lemma continuous_on_rescaled_RL_integral:
  fixes \<phi> :: "real \<Rightarrow> real"
  assumes "\<alpha> < 1" and \<phi>: "continuous_on {a..b} \<phi>"
  shows "continuous_on {a..b} (\<lambda>t. integral {0..1} (\<lambda>v. v powr (- \<alpha>) * \<phi> (t - (t - a) * v)))"
proof -
  obtain B where B: "\<And>y. y \<in> {a..b} \<Longrightarrow> \<bar>\<phi> y\<bar> \<le> B"
    using compact_imp_bounded[OF compact_continuous_image[OF \<phi> compact_Icc]]
    unfolding bounded_iff by (metis imageI real_norm_def)
  have integrable: "(\<lambda>v. v powr (- \<alpha>) * \<phi> (t - (t - a) * v)) integrable_on {0..1}"
    if "t \<in> {a..b}" for t
    using assms that segment_point_in_interval[OF that]
    by (intro powr_mult_continuous_integrable continuous_on_compose2[OF \<phi>] continuous_intros) auto
  show ?thesis
    unfolding continuous_on_eq_continuous_within continuous_within_sequentially comp_def
  proof (intro ballI allI impI)
    fix t and s :: "nat \<Rightarrow> real"
    assume t: "t \<in> {a..b}" and s: "(\<forall>n. s n \<in> {a..b}) \<and> s \<longlonglongrightarrow> t"
    show "(\<lambda>n. integral {0..1} (\<lambda>v. v powr (- \<alpha>) * \<phi> (s n - (s n - a) * v)))
        \<longlonglongrightarrow> integral {0..1} (\<lambda>v. v powr (- \<alpha>) * \<phi> (t - (t - a) * v))"
    proof (rule dominated_convergence(2))
      show "(\<lambda>v. v powr (- \<alpha>) * \<phi> (s n - (s n - a) * v)) integrable_on {0..1}" for n
        using integrable s by blast
      show "(\<lambda>v. v powr (- \<alpha>) * B) integrable_on {0..1}"
        using assms(1) by (intro powr_mult_continuous_integrable continuous_intros) auto
      show "norm (v powr (- \<alpha>) * \<phi> (s n - (s n - a) * v)) \<le> v powr (- \<alpha>) * B"
        if "v \<in> {0..1}" for n v
        using B[OF segment_point_in_interval] s that by (simp add: abs_mult mult_left_mono)
      show "(\<lambda>n. v powr (- \<alpha>) * \<phi> (s n - (s n - a) * v)) \<longlonglongrightarrow> v powr (- \<alpha>) * \<phi> (t - (t - a) * v)"
        if "v \<in> {0..1}" for v
        using s t that segment_point_in_interval[of _ a b v]
        by (intro tendsto_mult_left continuous_on_tendsto_compose[OF \<phi>] tendsto_intros
            always_eventually) (auto simp del: atLeastAtMost_iff)
    qed
  qed
qed

lemma continuous_on_RL_left_integral:
  fixes \<phi> :: "real \<Rightarrow> real"
  assumes "\<alpha> < 1" "continuous_on {a..b} \<phi>"
  shows "continuous_on {a..b} (RL_left_integral \<alpha> a \<phi>)"
proof -
  have "continuous_on {a..b}
      (\<lambda>t. (t - a) powr (1 - \<alpha>) * integral {0..1} (\<lambda>v. v powr (- \<alpha>) * \<phi> (t - (t - a) * v)))"
    using assms
    by (intro continuous_on_mult continuous_on_rescaled_RL_integral continuous_on_powr'
        continuous_on_diff continuous_on_id continuous_on_const) auto
  then show ?thesis
  proof (rule continuous_on_eq)
    fix t assume t: "t \<in> {a..b}"
    show "(t - a) powr (1 - \<alpha>) * integral {0..1} (\<lambda>v. v powr (- \<alpha>) * \<phi> (t - (t - a) * v))
        = RL_left_integral \<alpha> a \<phi> t"
    proof (cases "t = a")
      case False
      then have "a < t" "continuous_on {a..t} \<phi>"
        using t assms(2) by (auto intro: continuous_on_subset)
      then show ?thesis
        unfolding RL_left_integral_def
        by (rule integral_unique[symmetric, OF has_integral_RL_left_kernel_rescaled[OF assms(1)]])
    qed (simp add: RL_left_integral_def)
  qed
qed

lemma caputo_left_eq_RL_left_integral:
  assumes "a < b" "t \<in> {a..b}"
    and "\<And>t. t \<in> {a..b} \<Longrightarrow> (g has_vector_derivative g' t) (at t within {a..b})"
  shows "caputo_left \<alpha> a b g t = 1 / Gamma (1 - \<alpha>) * RL_left_integral \<alpha> a g' t"
proof -
  have "vector_derivative g (at \<tau> within {a..b}) = g' \<tau>" if "\<tau> \<in> {a..t}" for \<tau>
    using assms that by (intro vector_derivative_within_closed_interval) auto
  then have "integral {a..t} (\<lambda>\<tau>. (t - \<tau>) powr (- \<alpha>) * vector_derivative g (at \<tau> within {a..b}))
      = RL_left_integral \<alpha> a g' t"
    unfolding RL_left_integral_def by (intro integral_cong) simp
  then show ?thesis
    unfolding caputo_left_def by simp
qed

lemma continuous_on_caputo_left:
  assumes "a < b" "\<alpha> < 1" "C1_on {a..b} g"
  shows "continuous_on {a..b} (caputo_left \<alpha> a b g)"
proof -
  obtain g' where g': "\<And>t. t \<in> {a..b} \<Longrightarrow> (g has_vector_derivative g' t) (at t within {a..b})"
      and "continuous_on {a..b} g'"
    using assms(3) unfolding C1_on_real_iff by blast
  then have "continuous_on {a..b} (\<lambda>t. 1 / Gamma (1 - \<alpha>) * RL_left_integral \<alpha> a g' t)"
    using assms(2) by (intro continuous_intros continuous_on_RL_left_integral)
  then show ?thesis
    by (rule continuous_on_eq) (use caputo_left_eq_RL_left_integral[OF assms(1) _ g'] in auto)
qed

###

◆ Problem description
The answer must be a word-for-word transcription of every record above.

◆ Finished exercise
lemma continuous_on_rescaled_RL_integral:
  fixes \<phi> :: "real \<Rightarrow> real"
  assumes "\<alpha> < 1" and \<phi>: "continuous_on {a..b} \<phi>"
  shows "continuous_on {a..b} (\<lambda>t. integral {0..1} (\<lambda>v. v powr (- \<alpha>) * \<phi> (t - (t - a) * v)))"
proof -
  obtain B where B: "\<And>y. y \<in> {a..b} \<Longrightarrow> \<bar>\<phi> y\<bar> \<le> B"
    using compact_imp_bounded[OF compact_continuous_image[OF \<phi> compact_Icc]]
    unfolding bounded_iff by (metis imageI real_norm_def)
  have integrable: "(\<lambda>v. v powr (- \<alpha>) * \<phi> (t - (t - a) * v)) integrable_on {0..1}"
    if "t \<in> {a..b}" for t
    using assms that segment_point_in_interval[OF that]
    by (intro powr_mult_continuous_integrable continuous_on_compose2[OF \<phi>] continuous_intros) auto
  show ?thesis
    unfolding continuous_on_eq_continuous_within continuous_within_sequentially comp_def
  proof (intro ballI allI impI)
    fix t and s :: "nat \<Rightarrow> real"
    assume t: "t \<in> {a..b}" and s: "(\<forall>n. s n \<in> {a..b}) \<and> s \<longlonglongrightarrow> t"
    show "(\<lambda>n. integral {0..1} (\<lambda>v. v powr (- \<alpha>) * \<phi> (s n - (s n - a) * v)))
        \<longlonglongrightarrow> integral {0..1} (\<lambda>v. v powr (- \<alpha>) * \<phi> (t - (t - a) * v))"
    proof (rule dominated_convergence(2))
      show "(\<lambda>v. v powr (- \<alpha>) * \<phi> (s n - (s n - a) * v)) integrable_on {0..1}" for n
        using integrable s by blast
      show "(\<lambda>v. v powr (- \<alpha>) * B) integrable_on {0..1}"
        using assms(1) by (intro powr_mult_continuous_integrable continuous_intros) auto
      show "norm (v powr (- \<alpha>) * \<phi> (s n - (s n - a) * v)) \<le> v powr (- \<alpha>) * B"
        if "v \<in> {0..1}" for n v
        using B[OF segment_point_in_interval] s that by (simp add: abs_mult mult_left_mono)
      show "(\<lambda>n. v powr (- \<alpha>) * \<phi> (s n - (s n - a) * v)) \<longlonglongrightarrow> v powr (- \<alpha>) * \<phi> (t - (t - a) * v)"
        if "v \<in> {0..1}" for v
        using s t that segment_point_in_interval[of _ a b v]
        by (intro tendsto_mult_left continuous_on_tendsto_compose[OF \<phi>] tendsto_intros
            always_eventually) (auto simp del: atLeastAtMost_iff)
    qed
  qed
qed

lemma continuous_on_RL_left_integral:
  fixes \<phi> :: "real \<Rightarrow> real"
  assumes "\<alpha> < 1" "continuous_on {a..b} \<phi>"
  shows "continuous_on {a..b} (RL_left_integral \<alpha> a \<phi>)"
proof -
  have "continuous_on {a..b}
      (\<lambda>t. (t - a) powr (1 - \<alpha>) * integral {0..1} (\<lambda>v. v powr (- \<alpha>) * \<phi> (t - (t - a) * v)))"
    using assms
    by (intro continuous_on_mult continuous_on_rescaled_RL_integral continuous_on_powr'
        continuous_on_diff continuous_on_id continuous_on_const) auto
  then show ?thesis
  proof (rule continuous_on_eq)
    fix t assume t: "t \<in> {a..b}"
    show "(t - a) powr (1 - \<alpha>) * integral {0..1} (\<lambda>v. v powr (- \<alpha>) * \<phi> (t - (t - a) * v))
        = RL_left_integral \<alpha> a \<phi> t"
    proof (cases "t = a")
      case False
      then have "a < t" "continuous_on {a..t} \<phi>"
        using t assms(2) by (auto intro: continuous_on_subset)
      then show ?thesis
        unfolding RL_left_integral_def
        by (rule integral_unique[symmetric, OF has_integral_RL_left_kernel_rescaled[OF assms(1)]])
    qed (simp add: RL_left_integral_def)
  qed
qed

lemma caputo_left_eq_RL_left_integral:
  assumes "a < b" "t \<in> {a..b}"
    and "\<And>t. t \<in> {a..b} \<Longrightarrow> (g has_vector_derivative g' t) (at t within {a..b})"
  shows "caputo_left \<alpha> a b g t = 1 / Gamma (1 - \<alpha>) * RL_left_integral \<alpha> a g' t"
proof -
  have "vector_derivative g (at \<tau> within {a..b}) = g' \<tau>" if "\<tau> \<in> {a..t}" for \<tau>
    using assms that by (intro vector_derivative_within_closed_interval) auto
  then have "integral {a..t} (\<lambda>\<tau>. (t - \<tau>) powr (- \<alpha>) * vector_derivative g (at \<tau> within {a..b}))
      = RL_left_integral \<alpha> a g' t"
    unfolding RL_left_integral_def by (intro integral_cong) simp
  then show ?thesis
    unfolding caputo_left_def by simp
qed

lemma continuous_on_caputo_left:
  assumes "a < b" "\<alpha> < 1" "C1_on {a..b} g"
  shows "continuous_on {a..b} (caputo_left \<alpha> a b g)"
proof -
  obtain g' where g': "\<And>t. t \<in> {a..b} \<Longrightarrow> (g has_vector_derivative g' t) (at t within {a..b})"
      and "continuous_on {a..b} g'"
    using assms(3) unfolding C1_on_real_iff by blast
  then have "continuous_on {a..b} (\<lambda>t. 1 / Gamma (1 - \<alpha>) * RL_left_integral \<alpha> a g' t)"
    using assms(2) by (intro continuous_intros continuous_on_RL_left_integral)
  then show ?thesis
    by (rule continuous_on_eq) (use caputo_left_eq_RL_left_integral[OF assms(1) _ g'] in auto)
qed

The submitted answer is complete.